* **What to produce**
Once the line with "using u_metric_less_iff_same_cell[OF assms]" is found in the material, write out that line and every later line exactly, through the end.

═════ Listed records

lemma uniform_from_u_metric_iff:
  fixes d :: "'a \<Rightarrow> 'a \<Rightarrow> real"
  assumes "defining_sequence X \<A>" "t0_space X"
  shows "(\<forall>e>0. \<exists>\<delta>>0. \<forall>x\<in>topspace X. \<forall>y\<in>topspace X. u_metric \<A> x y < \<delta> \<longrightarrow> d x y < e) \<longleftrightarrow>
    (\<forall>e>0. \<exists>n. \<forall>x\<in>topspace X. \<forall>y\<in>topspace X. cell (\<A> n) x = cell (\<A> n) y \<longrightarrow> d x y < e)"
proof -
  have "(\<exists>\<delta>>0. \<forall>x\<in>topspace X. \<forall>y\<in>topspace X. u_metric \<A> x y < \<delta> \<longrightarrow> d x y < e) \<longleftrightarrow>
    (\<exists>n. \<forall>x\<in>topspace X. \<forall>y\<in>topspace X. u_metric \<A> x y < 1 / real (Suc n) \<longrightarrow> d x y < e)" for e
    by (rule ex_pos_iff_ex_reciprocal_Suc) (blast intro: less_le_trans)
  then show ?thesis
    using u_metric_less_iff_same_cell[OF assms] by simp
qed

lemma tame_iff_uniformly_equivalent_u_metric:
  fixes d :: "'a \<Rightarrow> 'a \<Rightarrow> real"
  assumes "defining_sequence X \<A>" "t0_space X" "topspace X \<noteq> {}"
    and "\<forall>x\<in>topspace X. d x x = 0"
  shows "tame X \<A> d \<longleftrightarrow> uniformly_equivalent (topspace X) d (u_metric \<A>)"
  unfolding tame_def uniformly_equivalent_def
    mesh_tendsto_0_iff[where d = d, OF assms(1,3,4)]
    uniform_to_u_metric_iff[where d = d, OF assms(1,2)]
    uniform_from_u_metric_iff[where d = d, OF assms(1,2)]
  by blast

══════════

* **Exercise answer**
    using u_metric_less_iff_same_cell[OF assms] by simp
qed

lemma tame_iff_uniformly_equivalent_u_metric:
  fixes d :: "'a \<Rightarrow> 'a \<Rightarrow> real"
  assumes "defining_sequence X \<A>" "t0_space X" "topspace X \<noteq> {}"
    and "\<forall>x\<in>topspace X. d x x = 0"
  shows "tame X \<A> d \<longleftrightarrow> uniformly_equivalent (topspace X) d (u_metric \<A>)"
  unfolding tame_def uniformly_equivalent_def
    mesh_tendsto_0_iff[where d = d, OF assms(1,3,4)]
    uniform_to_u_metric_iff[where d = d, OF assms(1,2)]
    uniform_from_u_metric_iff[where d = d, OF assms(1,2)]
  by blast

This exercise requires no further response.